Sandy Berger

Samuel "Sandy" Berger R. ( born October 28, 1945 in Sharon, Connecticut) is an American lawyer who was national security adviser to the United States during the second term of President Bill Clinton between 1997 and 2001 and 2005 by was sentenced to a court for theft of secret documents.

Life

Study, a lawyer and campaign team of the Democrats

After schooling Berger studied at Cornell University first, completed his studies in 1967 with a Bachelor of Arts ( BA) and became a member of the alumni association Quill and Dagger. A subsequent post-graduate studies in law at the Law School of Harvard University, he finished in 1971 with a Juris Doctor ( JD) cum laude.

Subsequently, he was speechwriter for George McGovern, during his candidacy for the Democratic Party in the presidential election in 1972, and learned during this time also know Bill Clinton. He then took up a career as a lawyer and was 1973-1977 partner of Hogan & Hartson, a law firm based in Washington, DC.

After the election of Jimmy Carter as U.S. president he became in 1977 deputy director for policy planning in the State Department and was as such until 1981 closest collaborator of the former director of policy planning, Anthony Lake, who was his predecessor as national security adviser. After the defeat of Carter against Ronald Reagan in the 1980 presidential election Berger resigned from the government service and returned as a partner to the law firm Hogan & Hartson.

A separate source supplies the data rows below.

(* Let $(G_n)$ be a sequence of graphs with $\min_{u\in V}\delta_u=\omega(\log n)$, fix $p\in[0,1]$, and for each $n$ run the $(p,\mathcal B)$-Deterministic-Majority dynamics on $G_n$ from the configuration in which every node is $\mathcal R$. (Fast disruption) If $p>1/2$, then $\Pr(\mathrm{vol}(B^{(1)})=\mathrm{vol}(V))=1-o(1)$, and consequently $\Pr(\tau=1)=1-o(1)$. (Slow disruption) If $p<1/2$, then for every $K>0$, $\Pr(\forall t\le n^K:\ \mathrm{vol}(R^{(t)})=\mathrm{vol}(V))=1-o(1)$, and consequently $\Pr(\tau>n^K)=1-o(1)$.
   Context: $G_n=(V,E)$, $V=\{1,\dots,n\}$, $N(u)$ neighbourhood, $\delta_u=|N(u)|$, $\mathrm{vol}(S)=\sum_{v\in S}\delta_v$; asymptotics as $n\to\infty$. States in $\{\mathcal R,\mathcal B\}$; $R^{(t)},B^{(t)}$ are the sets of nodes in each state at round $t$, and $\tau=\inf\{t\ge0:\mathrm{vol}(B^{(t)})/\mathrm{vol}(V)>1/2\}$. $(p,\mathcal B)$-Deterministic-Majority: in each round $t\ge1$, every node $u$, for each of its neighbours $v$ independently, sees $v$ as $\mathcal B$ with probability $p$ and otherwise sees $v$'s true state at round $t-1$; $u$ adopts the state seen by the majority of its whole neighbourhood (ties broken by some fixed rule, e.g. uniformly at random). *)

theory Defs
  imports "HOL-Probability.Probability" "HOL-Library.Landau_Symbols"
begin

text \<open>A sequence of graphs: G_n has vertex set V n = {1..n} and adjacency E n.
  A configuration is a map from nodes to bool, True meaning state B, False meaning state R.\<close>

definition V :: "nat \<Rightarrow> nat set" where
  "V n = {1..n}"

definition nbhd :: "(nat \<Rightarrow> nat \<Rightarrow> nat \<Rightarrow> bool) \<Rightarrow> nat \<Rightarrow> nat \<Rightarrow> nat set" where
  "nbhd E n u = {v \<in> V n. E n u v}"

definition deg :: "(nat \<Rightarrow> nat \<Rightarrow> nat \<Rightarrow> bool) \<Rightarrow> nat \<Rightarrow> nat \<Rightarrow> nat" where
  "deg E n u = card (nbhd E n u)"

definition vol :: "(nat \<Rightarrow> nat \<Rightarrow> nat \<Rightarrow> bool) \<Rightarrow> nat \<Rightarrow> nat set \<Rightarrow> nat" where
  "vol E n S = (\<Sum>v\<in>S. deg E n v)"

definition min_deg :: "(nat \<Rightarrow> nat \<Rightarrow> nat \<Rightarrow> bool) \<Rightarrow> nat \<Rightarrow> nat" where
  "min_deg E n = Min (deg E n ` V n)"

definition Bset :: "nat \<Rightarrow> (nat \<Rightarrow> bool) \<Rightarrow> nat set" where
  "Bset n c = {u \<in> V n. c u}"

definition Rset :: "nat \<Rightarrow> (nat \<Rightarrow> bool) \<Rightarrow> nat set" where
  "Rset n c = {u \<in> V n. \<not> c u}"

definition node_update ::
  "(nat \<Rightarrow> nat \<Rightarrow> nat \<Rightarrow> bool) \<Rightarrow> real \<Rightarrow> (nat \<Rightarrow> nat \<Rightarrow> (nat \<Rightarrow> bool) \<Rightarrow> bool pmf)
     \<Rightarrow> nat \<Rightarrow> (nat \<Rightarrow> bool) \<Rightarrow> nat \<Rightarrow> bool pmf" where
  "node_update E p tie n c u =
     Pi_pmf (nbhd E n u) False (\<lambda>_. bernoulli_pmf p) \<bind> (\<lambda>coin.
       let seenB = card {v \<in> nbhd E n u. coin v \<or> c v};
           seenR = card {v \<in> nbhd E n u. \<not> (coin v \<or> c v)}
       in if seenB > seenR then return_pmf True
          else if seenR > seenB then return_pmf False
          else tie n u c)"

definition step ::
  "(nat \<Rightarrow> nat \<Rightarrow> nat \<Rightarrow> bool) \<Rightarrow> real \<Rightarrow> (nat \<Rightarrow> nat \<Rightarrow> (nat \<Rightarrow> bool) \<Rightarrow> bool pmf)
     \<Rightarrow> nat \<Rightarrow> (nat \<Rightarrow> bool) \<Rightarrow> (nat \<Rightarrow> bool) pmf" where
  "step E p tie n c = Pi_pmf (V n) False (node_update E p tie n c)"

text \<open>Distribution of the trajectory (configurations at rounds 0..T) starting from all-R;
  beyond the horizon T the configuration is frozen at its round-T value (so events about
  rounds \<le> T, and the events tau = 1 (T \<ge> 1) and tau > T, are described correctly).\<close>

primrec traj ::
  "(nat \<Rightarrow> nat \<Rightarrow> nat \<Rightarrow> bool) \<Rightarrow> real \<Rightarrow> (nat \<Rightarrow> nat \<Rightarrow> (nat \<Rightarrow> bool) \<Rightarrow> bool pmf)
     \<Rightarrow> nat \<Rightarrow> nat \<Rightarrow> (nat \<Rightarrow> nat \<Rightarrow> bool) pmf" where
  "traj E p tie n 0 = return_pmf (\<lambda>t u. False)"
| "traj E p tie n (Suc T) =
     traj E p tie n T \<bind> (\<lambda>x. step E p tie n (x T) \<bind>
       (\<lambda>c. return_pmf (\<lambda>t. if t \<le> T then x t else c)))"

definition B_majority :: "(nat \<Rightarrow> nat \<Rightarrow> nat \<Rightarrow> bool) \<Rightarrow> nat \<Rightarrow> (nat \<Rightarrow> bool) \<Rightarrow> bool" where
  "B_majority E n c \<longleftrightarrow> real (vol E n (Bset n c)) / real (vol E n (V n)) > 1/2"

definition tau :: "(nat \<Rightarrow> nat \<Rightarrow> nat \<Rightarrow> bool) \<Rightarrow> nat \<Rightarrow> (nat \<Rightarrow> nat \<Rightarrow> bool) \<Rightarrow> enat" where
  "tau E n x = (if \<exists>t. B_majority E n (x t) then enat (LEAST t. B_majority E n (x t)) else \<infinity>)"

end

theory Submission
  imports Defs
begin

text \<open>While all neighbours of a node are \<R>, the node sees as \<B> exactly the neighbours whose coin
  shows heads, so its next state is the majority of \<delta>_u independent p-coins. By Hoeffding's
  inequality this majority goes against the bias of the coins with probability at most
  2 exp(-2 \<delta>_u (p - 1/2)^2). A union bound over the n nodes bounds the probability that one round
  started from the all-\<R> configuration produces such a node by 2 n exp(-2 min\<delta> (p - 1/2)^2), which
  is n^(-\<omega>(1)) since min\<delta> = \<omega>(log n). For p > 1/2 one round therefore turns every node \<B>; for
  p < 1/2 every round reproduces the all-\<R> configuration, and a union bound over n^K rounds still
  fails only with probability o(1).\<close>

lemma prob_bind_pmf_le:
  fixes M :: "'a pmf" and f :: "'a \<Rightarrow> 'b pmf"
  assumes "\<And>x. x \<in> A \<Longrightarrow> measure_pmf.prob (f x) B \<le> e" and "0 \<le> e"
  shows "measure_pmf.prob (M \<bind> f) B \<le> measure_pmf.prob M (- A) + e"
proof -
  have "emeasure (measure_pmf (bind_pmf M f)) B = (\<integral>\<^sup>+x. emeasure (f x) B \<partial>M)"
    by simp
  also have "\<dots> \<le> (\<integral>\<^sup>+x. (indicator (- A) x + ennreal e) \<partial>M)"
  proof (rule nn_integral_mono)
    fix x
    show "emeasure (f x) B \<le> indicator (- A) x + ennreal e"
    proof (cases "x \<in> A")
      case True
      then show ?thesis
        using assms(1) by (simp add: measure_pmf.emeasure_eq_measure ennreal_leI)
    next
      case False
      then show ?thesis
        using measure_pmf.emeasure_le_1[of "f x" B] by (simp add: order_trans[OF _ add_increasing2])
    qed
  qed
  also have "\<dots> = ennreal (measure_pmf.prob M (- A) + e)"
    using assms(2)
    by (subst nn_integral_add) (auto simp: measure_pmf.emeasure_eq_measure ennreal_plus)
  finally have "ennreal (measure_pmf.prob (M \<bind> f) B) \<le> ennreal (measure_pmf.prob M (- A) + e)"
    by (simp only: measure_pmf.emeasure_eq_measure)
  then show ?thesis
    using assms(2) by (subst (asm) ennreal_le_iff) (auto intro: add_nonneg_nonneg)
qed

lemma card_filter_add_card_filter_not:
  "finite A \<Longrightarrow> card {x \<in> A. P x} + card {x \<in> A. \<not> P x} = card A"
  by (subst card_Un_disjoint[symmetric]) (auto intro: arg_cong[where f = card])

lemma prob_coins_deviation_ge:
  assumes "finite N" and "0 \<le> p" "p \<le> 1" and "0 \<le> \<epsilon>"
  shows "measure_pmf.prob (Pi_pmf N dflt (\<lambda>_. bernoulli_pmf p))
           {f. \<epsilon> \<le> \<bar>real (card {x \<in> N. f x}) / real (card N) - p\<bar>}
         \<le> 2 * exp (-2 * real (card N) * \<epsilon>\<^sup>2)"
proof (cases "card N = 0")
  case True
  then show ?thesis
    using measure_pmf.prob_le_1 by (simp add: order_trans[OF _ one_le_numeral])
next
  case False
  have "measure_pmf.prob (Pi_pmf N dflt (\<lambda>_. bernoulli_pmf p))
           {f. \<epsilon> \<le> \<bar>real (card {x \<in> N. f x}) / real (card N) - p\<bar>}
      = measure_pmf.prob (map_pmf (\<lambda>f. card {x \<in> N. f x}) (Pi_pmf N dflt (\<lambda>_. bernoulli_pmf p)))
           {k. \<epsilon> \<le> \<bar>real k / real (card N) - p\<bar>}"
    by simp
  also have "map_pmf (\<lambda>f. card {x \<in> N. f x}) (Pi_pmf N dflt (\<lambda>_. bernoulli_pmf p))
      = binomial_pmf (card N) p"
    by (rule binomial_pmf_altdef'[symmetric]) (use assms in auto)
  also have "measure_pmf.prob (binomial_pmf (card N) p) {k. \<epsilon> \<le> \<bar>real k / real (card N) - p\<bar>}
      \<le> 2 * exp (-2 * real (card N) * \<epsilon>\<^sup>2)"
    using binomial_distribution.prob_abs_ge'[of p "card N" \<epsilon>] False assms
    by (simp add: binomial_distribution_def)
  finally show ?thesis .
qed

lemma finite_nbhd: "finite (nbhd E n u)"
  by (simp add: nbhd_def V_def)

lemma node_update_if_nbhd_R:
  assumes "\<forall>v \<in> nbhd E n u. \<not> c v"
  shows "node_update E p tie n c u =
    Pi_pmf (nbhd E n u) False (\<lambda>_. bernoulli_pmf p) \<bind> (\<lambda>coin.
      if card (nbhd E n u) < 2 * card {v \<in> nbhd E n u. coin v} then return_pmf True
      else if 2 * card {v \<in> nbhd E n u. coin v} < card (nbhd E n u) then return_pmf False
      else tie n u c)"
  unfolding node_update_def
proof (intro bind_pmf_cong refl)
  fix coin :: "nat \<Rightarrow> bool"
  let ?N = "nbhd E n u"
  have "{v \<in> ?N. coin v \<or> c v} = {v \<in> ?N. coin v}" "{v \<in> ?N. \<not> (coin v \<or> c v)} = {v \<in> ?N. \<not> coin v}"
    using assms by auto
  moreover have "card {v \<in> ?N. coin v} + card {v \<in> ?N. \<not> coin v} = card ?N"
    by (rule card_filter_add_card_filter_not[OF finite_nbhd])
  ultimately show "(let seenB = card {v \<in> ?N. coin v \<or> c v}; seenR = card {v \<in> ?N. \<not> (coin v \<or> c v)}
      in if seenR < seenB then return_pmf True else if seenB < seenR then return_pmf False else tie n u c)
    = (if card ?N < 2 * card {v \<in> ?N. coin v} then return_pmf True
       else if 2 * card {v \<in> ?N. coin v} < card ?N then return_pmf False else tie n u c)"
    by (simp add: Let_def)
qed
(* Let $n\ge 2$, $A\in\mathbb{Z}^{d\times n}$, $\mathbf{b}\in\mathbb{Z}^d$, $\mathbf{c}\in\mathbb{Z}^n$, $\mathbf{u}\in\mathbb{Z}_{\ge0}^n$, and consider the ILP $\min\{\mathbf{c}^\top\mathbf{x} : A\mathbf{x}=\mathbf{b},\ \mathbf{0}\le\mathbf{x}\le\mathbf{u},\ \mathbf{x}\in\mathbb{Z}^n\}$. Let $\mathbf{x}_0$ be a feasible solution that is not optimal and let $\mathbf{x}_{\min}$ be an optimal solution. Then every sequence of discrete deepest-descent augmentations (with respect to the Graver basis $\mathcal{G}(A)$) starting at $\mathbf{x}_0$ reaches an optimal solution after at most $$\max\{1,\ (4n-4)\log_2\big(\mathbf{c}^\top(\mathbf{x}_0-\mathbf{x}_{\min})\big)\}$$ augmentations.
   Context: Feasible solutions are the $\mathbf{x}\in\mathbb{Z}^n$ with $A\mathbf{x}=\mathbf{b}$, $\mathbf{0}\le\mathbf{x}\le\mathbf{u}$. For $\mathbf{v},\mathbf{w}\in\mathbb{R}^n$ write $\mathbf{v}\sqsubseteq\mathbf{w}$ if $v_iw_i\ge0$ and $|v_i|\le|w_i|$ for all $i$. The Graver basis $\mathcal{G}(A)$ is the (finite) set of $\sqsubseteq$-minimal elements of $(\ker(A)\cap\mathbb{Z}^n)\setminus\{\mathbf{0}\}$. Discrete deepest-descent augmentation: given a feasible $\mathbf{x}_k$, among all pairs $(\mathbf{z},\alpha)$ with $\mathbf{z}\in\mathcal{G}(A)$, $\alpha$ a positive integer and $\mathbf{x}_k+\alpha\mathbf{z}$ feasible, choose one maximizing $-\alpha\,\mathbf{c}^\top\mathbf{z}$; if this maximum is positive, set $\mathbf{x}_{k+1}:=\mathbf{x}_k+\alpha\mathbf{z}$, otherwise stop. *)

theory Defs
  imports "HOL-Analysis.Analysis"
begin

text \<open>Vectors in Z^n are int^'n, matrices in Z^(d x n) are int^'n^'d.\<close>

definition feasible :: "int^'n^'d \<Rightarrow> int^'d \<Rightarrow> int^'n \<Rightarrow> int^'n \<Rightarrow> bool" where
  "feasible A b u x \<longleftrightarrow> A *v x = b \<and> (\<forall>i. 0 \<le> x$i \<and> x$i \<le> u$i)"

definition objval :: "int^'n \<Rightarrow> int^'n \<Rightarrow> int" where
  "objval c x = (\<Sum>i\<in>UNIV. c$i * x$i)"

definition optimal :: "int^'n^'d \<Rightarrow> int^'d \<Rightarrow> int^'n \<Rightarrow> int^'n \<Rightarrow> int^'n \<Rightarrow> bool" where
  "optimal A b u c x \<longleftrightarrow> feasible A b u x \<and> (\<forall>y. feasible A b u y \<longrightarrow> objval c x \<le> objval c y)"

definition conf_le :: "int^'n \<Rightarrow> int^'n \<Rightarrow> bool" where
  "conf_le v w \<longleftrightarrow> (\<forall>i. 0 \<le> v$i * w$i \<and> \<bar>v$i\<bar> \<le> \<bar>w$i\<bar>)"

definition graver :: "int^'n^'d \<Rightarrow> (int^'n) set" where
  "graver A = {z. A *v z = 0 \<and> z \<noteq> 0 \<and>
      \<not> (\<exists>w. A *v w = 0 \<and> w \<noteq> 0 \<and> conf_le w z \<and> w \<noteq> z)}"
(* Soundness: by induction on formulas, every applicative bisimulation relates only
   computations and values satisfying the same formulas.  Negation is handled by symmetry;
   the modal case uses type preservation: all leaves of |M| are values of the type of M, so
   passing from A to R[A], both intersected with Val(tau), only replaces subtrees of
   |M|[in A] by bottom, and upward closure of the modality applies.
   Completeness: logical equivalence is itself an applicative bisimulation.  For the relator
   condition, the disjunction over V in A of the conjunction of all formulas satisfied by V
   is a formula X with A \<inter> Val(tau) \<subseteq> X \<subseteq> \<equiv>[A]; M satisfies o X, hence so does N, and
   upward closure enlarges X to \<equiv>[A]. *)

lemma vtyping_ctyping_lift:
  "vtyping ar G V t \<Longrightarrow> \<forall>k u. k \<le> length G \<longrightarrow> vtyping ar (take k G @ u # drop k G) (lift_v k V) t"
  "ctyping ar G M t \<Longrightarrow> \<forall>k u. k \<le> length G \<longrightarrow> ctyping ar (take k G @ u # drop k G) (lift_c k M) t"
proof (induction rule: vtyping_ctyping.inducts)
  case (5 i G)
  show ?case
  proof (intro allI impI)
    fix k u assume k: "k \<le> length G"
    let ?G' = "take k G @ u # drop k G" and ?j = "if i < k then i else Suc i"
    have "?j < length ?G'" "?G' ! ?j = G ! i" using k 5 by (auto simp: nth_append)
    then show "vtyping ar ?G' (lift_v k (Var i)) (G ! i)"
      by (metis (full_types) lift_v.simps(5) vtyping_ctyping.intros(5))
  qed
qed (fastforce intro!: vtyping_ctyping.intros)+

lemma vtyping_lift0: "vtyping ar G V t \<Longrightarrow> vtyping ar (u # G) (lift_v 0 V) t"
  using vtyping_ctyping_lift(1)[of ar G V t] by fastforce

lemma vtyping_ctyping_subst:
  "vtyping ar G V t \<Longrightarrow> \<forall>k U. k < length G \<longrightarrow> vtyping ar (take k G @ drop (Suc k) G) U (G ! k)
      \<longrightarrow> vtyping ar (take k G @ drop (Suc k) G) (subst_v k U V) t"
  "ctyping ar G M t \<Longrightarrow> \<forall>k U. k < length G \<longrightarrow> vtyping ar (take k G @ drop (Suc k) G) U (G ! k)
      \<longrightarrow> ctyping ar (take k G @ drop (Suc k) G) (subst_c k U M) t"
proof (induction rule: vtyping_ctyping.inducts)
  case (5 i G)
  show ?case
  proof (intro allI impI)
    fix k U assume k: "k < length G" and U: "vtyping ar (take k G @ drop (Suc k) G) U (G ! k)"
    let ?G' = "take k G @ drop (Suc k) G" and ?j = "if i < k then i else i - 1"
    have "subst_v k U (Var i) = (if i = k then U else Var ?j)" by simp
    moreover have "i \<noteq> k \<Longrightarrow> ?j < length ?G' \<and> ?G' ! ?j = G ! i" using k 5 by (auto simp: nth_append)
    ultimately show "vtyping ar ?G' (subst_v k U (Var i)) (G ! i)"
      using U vtyping_ctyping.intros(5)[of ?j ?G' ar] by (cases "i = k") simp_all
  qed
next
  case (4 t G M t')
  show ?case
  proof (intro allI impI)
    fix k U assume "k < length G" and U: "vtyping ar (take k G @ drop (Suc k) G) U (G ! k)"
    then show "vtyping ar (take k G @ drop (Suc k) G) (subst_v k U (Lam t M)) (Arr t t')"
      using 4(2)[rule_format, of "Suc k" "lift_v 0 U"] vtyping_lift0[OF U, of t]
      by (auto intro: vtyping_ctyping.intros)
  qed
next
  case (8 G M t N t')
  show ?case
  proof (intro allI impI)
    fix k U assume "k < length G" and U: "vtyping ar (take k G @ drop (Suc k) G) U (G ! k)"
    then show "ctyping ar (take k G @ drop (Suc k) G) (subst_c k U (Let M N)) t'"
      using 8(2)[rule_format, of k U] 8(4)[rule_format, of "Suc k" "lift_v 0 U"]
        vtyping_lift0[OF U, of t]
      by (auto intro: vtyping_ctyping.intros)
  qed
next
  case (10 G V M t N)
  show ?case
  proof (intro allI impI)
    fix k U assume "k < length G" and U: "vtyping ar (take k G @ drop (Suc k) G) U (G ! k)"
    then show "ctyping ar (take k G @ drop (Suc k) G) (subst_c k U (Case V M N)) t"
      using 10(2,4)[rule_format, of k U] 10(6)[rule_format, of "Suc k" "lift_v 0 U"]
        vtyping_lift0[OF U, of TNat]
      by (auto intro: vtyping_ctyping.intros)
  qed
qed (fastforce intro!: vtyping_ctyping.intros)+

lemma ctyping_subst0: "ctyping ar [u] M t \<Longrightarrow> vtyping ar [] U u \<Longrightarrow> ctyping ar [] (subst_c 0 U M) t"
  using vtyping_ctyping_subst(2)[of ar "[u]" M t] by fastforce

lemma vtyping_num: "vtyping ar G (num n) TNat"
  by (induction n) (auto intro: vtyping_ctyping.intros)

inductive_cases vtyping_LamE: "vtyping ar G (Lam t M) T"
inductive_cases vtyping_SuccE: "vtyping ar G (Succ V) T"
inductive_cases vtyping_StarE: "vtyping ar G Star T"
inductive_cases vtyping_VarE: "vtyping ar G (Var i) T"
inductive_cases ctyping_AppE: "ctyping ar G (App V W) T"
inductive_cases ctyping_RetE: "ctyping ar G (Ret V) T"
inductive_cases ctyping_LetE: "ctyping ar G (Let M N) T"
inductive_cases ctyping_FixE: "ctyping ar G (Fix V) T"
inductive_cases ctyping_CaseE: "ctyping ar G (Case V M N) T"
inductive_cases ctyping_OpnE: "ctyping ar G (Opn s Ms) T"
inductive_cases ctyping_OpPnE: "ctyping ar G (OpPn s V Ms) T"
inductive_cases ctyping_OpIE: "ctyping ar G (OpI s V) T"
inductive_cases ctyping_OpPIE: "ctyping ar G (OpPI s V W) T"

lemma closed_nat_value_is_num: "vtyping ar [] V TNat \<Longrightarrow> \<exists>n. V = num n"
proof (induction V)
  case Zero then show ?case by (metis num.simps(1))
next
  case (Succ V) then show ?case by (metis num.simps(2) vtyping_SuccE)
qed (auto elim: vtyping_StarE vtyping_LamE vtyping_VarE)

inductive stack_typing :: "('op \<Rightarrow> arity) \<Rightarrow> 'op com list \<Rightarrow> ty \<Rightarrow> ty \<Rightarrow> bool" for ar where
  "stack_typing ar [] t t"
| "ctyping ar [t] N t' \<Longrightarrow> stack_typing ar S t' tf \<Longrightarrow> stack_typing ar (N # S) t tf"

inductive_cases stack_typing_NilE: "stack_typing ar [] t tf"
inductive_cases stack_typing_ConsE: "stack_typing ar (N # S) t tf"

definition conf_typing :: "('op \<Rightarrow> arity) \<Rightarrow> ty \<Rightarrow> 'op conf \<Rightarrow> bool" where
  "conf_typing ar tf c = (\<exists>t. ctyping ar [] (snd c) t \<and> stack_typing ar (fst c) t tf)"

definition res_typing :: "('op \<Rightarrow> arity) \<Rightarrow> ty \<Rightarrow> 'op res \<Rightarrow> bool" where
  "res_typing ar tf r = (case r of
      RStep c \<Rightarrow> conf_typing ar tf c
    | RRet V \<Rightarrow> V \<in> Vals ar tf
    | RNodeF l cs \<Rightarrow> (\<forall>c\<in>set cs. conf_typing ar tf c)
    | RNodeI l f \<Rightarrow> (\<forall>i. conf_typing ar tf (f i))
    | RStuck \<Rightarrow> True)"

lemma ctyping_fix_unfolding:
  assumes "vtyping ar [] V (Arr (Arr r t) (Arr r t))"
  shows "ctyping ar [] (App V (Lam r (Let (Fix (lift_v 0 V)) (App (Var 0) (Var 1))))) (Arr r t)"
proof -
  have "ctyping ar [Arr r t, r] (App (Var 0) (Var 1)) t"
    using vtyping_ctyping.intros(5)[of 0 "[Arr r t, r]" ar] vtyping_ctyping.intros(5)[of 1 "[Arr r t, r]" ar]
    by (auto intro: vtyping_ctyping.intros(6))
  then show ?thesis
    using assms vtyping_lift0[OF assms, of r] by (auto intro!: vtyping_ctyping.intros)
qed

lemma step_preserves_typing: "conf_typing ar tf c \<Longrightarrow> res_typing ar tf (step c)"
proof (induction c rule: step.induct)
  case (5 S r t B)
  then obtain T where B: "ctyping ar [] (Fix (Lam (Arr r t) B)) T" and S: "stack_typing ar S T tf"
    by (auto simp: conf_typing_def)
  from B have "vtyping ar [] (Lam (Arr r t) B) (Arr (Arr r t) (Arr r t))" and "T = Arr r t"
    by (auto elim: ctyping_FixE vtyping_LamE)
  then show ?case
    using S ctyping_fix_unfolding by (fastforce simp: conf_typing_def res_typing_def)
qed (auto simp: conf_typing_def res_typing_def Vals_def intro: ctyping_subst0 stack_typing.intros
      intro!: vtyping_ctyping.intros vtyping_num split: option.splits
      elim!: ctyping_LetE ctyping_RetE ctyping_AppE ctyping_CaseE ctyping_OpnE ctyping_OpPnE
        ctyping_OpIE ctyping_OpPIE vtyping_LamE vtyping_SuccE stack_typing_NilE stack_typing_ConsE)

lemma stepn_preserves_typing: "conf_typing ar tf c \<Longrightarrow> res_typing ar tf (stepn n c)"
proof (induction n arbitrary: c)
  case 0 then show ?case by (simp add: step_preserves_typing)
next
  case (Suc n)
  then show ?case
    using step_preserves_typing[OF Suc.prems] by (cases "step c") (auto simp: res_typing_def)
qed

lemma final_preserves_typing: "conf_typing ar tf c \<Longrightarrow> res_typing ar tf (final c)"
  by (auto simp: final_def stepn_preserves_typing res_typing_def[of _ _ RStuck])

lemma optree_final: "optree c = (case final c of
      RRet V \<Rightarrow> TLeaf V
    | RNodeF l cs \<Rightarrow> TNodeF l (map optree cs)
    | RNodeI l f \<Rightarrow> TNodeI l (optree \<circ> f)
    | _ \<Rightarrow> TBot)"
  by (subst optree.code) (simp split: res.split)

In 1988, he interrupted his local partnership to the democratic candidate to work as a foreign policy adviser to Michael Dukakis in the presidential election in 1988. He then took his partnership at the law firm Hogan & Hartson on again until he joined the campaign team of Clinton in the presidential election in 1992 and there was a senior foreign policy adviser.

National Security Advisor and accused of stealing secret documents

After the election, Clinton as U.S. president in January 1993 he was deputy national security adviser, and thus once again representative of Anthony Lake, former National Security Advisor. In March 1997, he finally followed Lake in the Office of the National Security Adviser and held that post until the end of Clinton's term of office on 20 January 2001.

Following a member of the National Security Advisory Group, a body that advises the Group of Democrats in the U.S. Senate in security issues. In addition, he was again a senior foreign policy adviser during the campaign team of John Kerry in the presidential election of 2004.

However, in July 2004, he stepped down from these two operations after he was accused in the media of stealing secret information. The 9/11 Commission had documents from the Clinton administration, which dealt with the anti-terrorism policy sought, and Clinton had asked Berger to sift through these documents and identify those that should be handed over to the investigation committee. To this end, Berger was granted on July 18, 2nd September and 2 October 2003, the access to documents with high levels of confidentiality in a secure reading room of the National Archives and Records Administration ( NARA).

The Associated Press news agency reported that the Federal Bureau of Investigation (FBI) had searched the house and office Bergers in the first half of 2004. Berger explained to the press reports that the would leave the reading room of the NARA only with his handwritten notes, and current with "accidentally" battered copies of secret documents. Due to the strict rules of the NARA but it is not permitted to take " souvenirs ". Moreover, after all the notes have spotted by employees, and the catch must be approved. While the exact content of the documents was not known, however, gave to both Berger and his lawyer that "some documents provided with security classifications " were found in a leather folder Bergers. Both gave to the press that these Bergers and handwritten notes were handed over immediately to the FBI, and the whole tumult exclusively the result of Berger's " inadvertent negligence " was.

On 1 April 2005, he pleaded the mishandling of documents with security classifications guilty. A court sentenced him then in September 2005 to 100 hours of community service and a fine of 50,000 U.S. dollars.

He was also one of the signatories of Global Zero, an application launched in December 2008 initiative, which has a total nuclear disarmament goal worldwide.

Later, Berger Member of the Board of Directors of the global strategy firm Albright Stonebridge Group, whose chairman he is now next to the former Secretary of State Madeleine Albright and former Republican U.S. Senator from New Hampshire Warren Rudman.

In addition, Berger engaged in numerous security and foreign political organizations, such as the advisory board America Abroad and the Partnership for a Secure America and in the American Academy of Diplomacy, the Council on Foreign Relations and the Searchlight Leadership Fund.